Identifying causal relationships among distinct brain areas, known as effective connectivity, holds key insights into the brain's information processing and cognitive functions. Electroencephalogram (EEG) signals exhibit intricate dynamics and inter-areal interactions within the brain. However, methods for characterizing nonlinear causal interactions among multiple brain regions remain relatively underdeveloped. In this study, we proposed a data-driven framework to infer effective connectivity by perturbing the trained neural networks. Specifically, we trained neural networks (i.e., CNN, vanilla RNN, GRU, LSTM, and Transformer) to predict future EEG signals according to historical data and perturbed the networks' input to obtain effective connectivity (EC) between the perturbed EEG channel and the rest of the channels. The EC reflects the causal impact of perturbing one node on others. The performance was tested on the synthetic EEG generated by a biological-plausible Jansen-Rit model. CNN and Transformer obtained the best performance on both 3-channel and 90-channel synthetic EEG data, outperforming the classical Granger causality method. Our work demonstrated the potential of perturbing an artificial neural network, learned to predict future system dynamics, to uncover the underlying causal structure.
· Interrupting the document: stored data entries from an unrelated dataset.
(* Let $\Omega,\Omega^*$ be two compact metric spaces and let $c\in C(\Omega\times\Omega^* )$. Let $\mu_1,\mu_2$ be two Borel probability measures on $\Omega$ and let $\nu$ be a Borel probability measure on $\Omega^*$. For $i=1,2$, take $\phi_i\in\Phi_c(\mu_i,\nu)$. Let $U$ be a Borel subset of $\Omega$ and suppose that $\mu_1\leq\mu_2$ on $U$ and that $\phi_1\leq\phi_2$ on $\Omega\setminus U$. Then \[ \phi_1\wedge\phi_2\in\Phi_c(\mu_1,\nu)\quad\text{and}\quad \phi_1\vee\phi_2\in\Phi_c(\mu_2,\nu). \] Additionally, $\phi_1\leq\phi_2$ on the support of $\mu_2-\mu_1$.
   Context: For $\phi\in C(\Omega)$, its $c$-transform is $\phi^c(y)=\sup_{x\in\Omega}\phi(x)-c(x,y)$, $y\in\Omega^*$ (a continuous function). For positive finite Borel measures $\mu$ on $\Omega$ and $\nu$ on $\Omega^*$, the optimal transport cost is $\mathcal T_c(\mu,\nu)=\inf_{\pi\in\Pi(\mu,\nu)}\int c\,d\pi$, where $\Pi(\mu,\nu)$ is the set of positive measures on $\Omega\times\Omega^*$ with marginals $\mu,\nu$ (and $\mathcal T_c=+\infty$ if the masses differ); by duality $\mathcal T_c(\mu,\nu)=\max_{\phi\in C(\Omega)}\int_\Omega\phi\,d\mu-\int_{\Omega^*}\phi^c\,d\nu$. The set of Kantorovich potentials is $\Phi_c(\mu,\nu)=\{\phi\in C(\Omega):\int_\Omega\phi\,d\mu-\int_{\Omega^*}\phi^c\,d\nu=\mathcal T_c(\mu,\nu)\}$. $\wedge,\vee$ denote pointwise minimum and maximum. "$\mu_1\leq\mu_2$ on $U$" means $\mu_1(A)\leq\mu_2(A)$ for every Borel $A\subset U$. The support of a signed measure $\sigma$ is the support of its total variation $|\sigma|$, i.e. the complement of the largest open set of $|\sigma|$-measure zero. *)

theory Defs
  imports "HOL-Analysis.Analysis" "HOL-Probability.Probability_Measure"
begin

definition c_transform :: "'a set \<Rightarrow> ('a \<Rightarrow> 'b \<Rightarrow> real) \<Rightarrow> ('a \<Rightarrow> real) \<Rightarrow> 'b \<Rightarrow> real" where
  "c_transform \<Omega> c \<phi> y = (SUP x\<in>\<Omega>. \<phi> x - c x y)"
翻译：识别不同脑区之间的因果关系（即有效连接）对理解大脑的信息处理及认知功能至关重要。脑电图（EEG）信号展现出大脑内部复杂的动态特性及脑区间相互作用。然而，表征多个脑区之间非线性因果交互的方法仍相对不完善。本研究提出一种数据驱动框架，通过扰动训练好的神经网络来推断有效连接。具体而言，我们训练神经网络（包括CNN、原始RNN、GRU、LSTM及Transformer）基于历史数据预测未来EEG信号，并通过扰动网络输入以获取被扰动EEG通道与其他通道之间的有效连接（EC）。该有效连接反映了扰动一个节点对其他节点的因果影响。我们利用基于生物学合理的Jansen-Rit模型生成的合成EEG数据测试了该方法性能。在3通道与90通道的合成EEG数据上，CNN与Transformer均取得了最优结果，优于经典的格兰杰因果方法。本研究证明了通过扰动已学会预测未来系统动力学的人工神经网络来揭示潜在因果结构的可行性。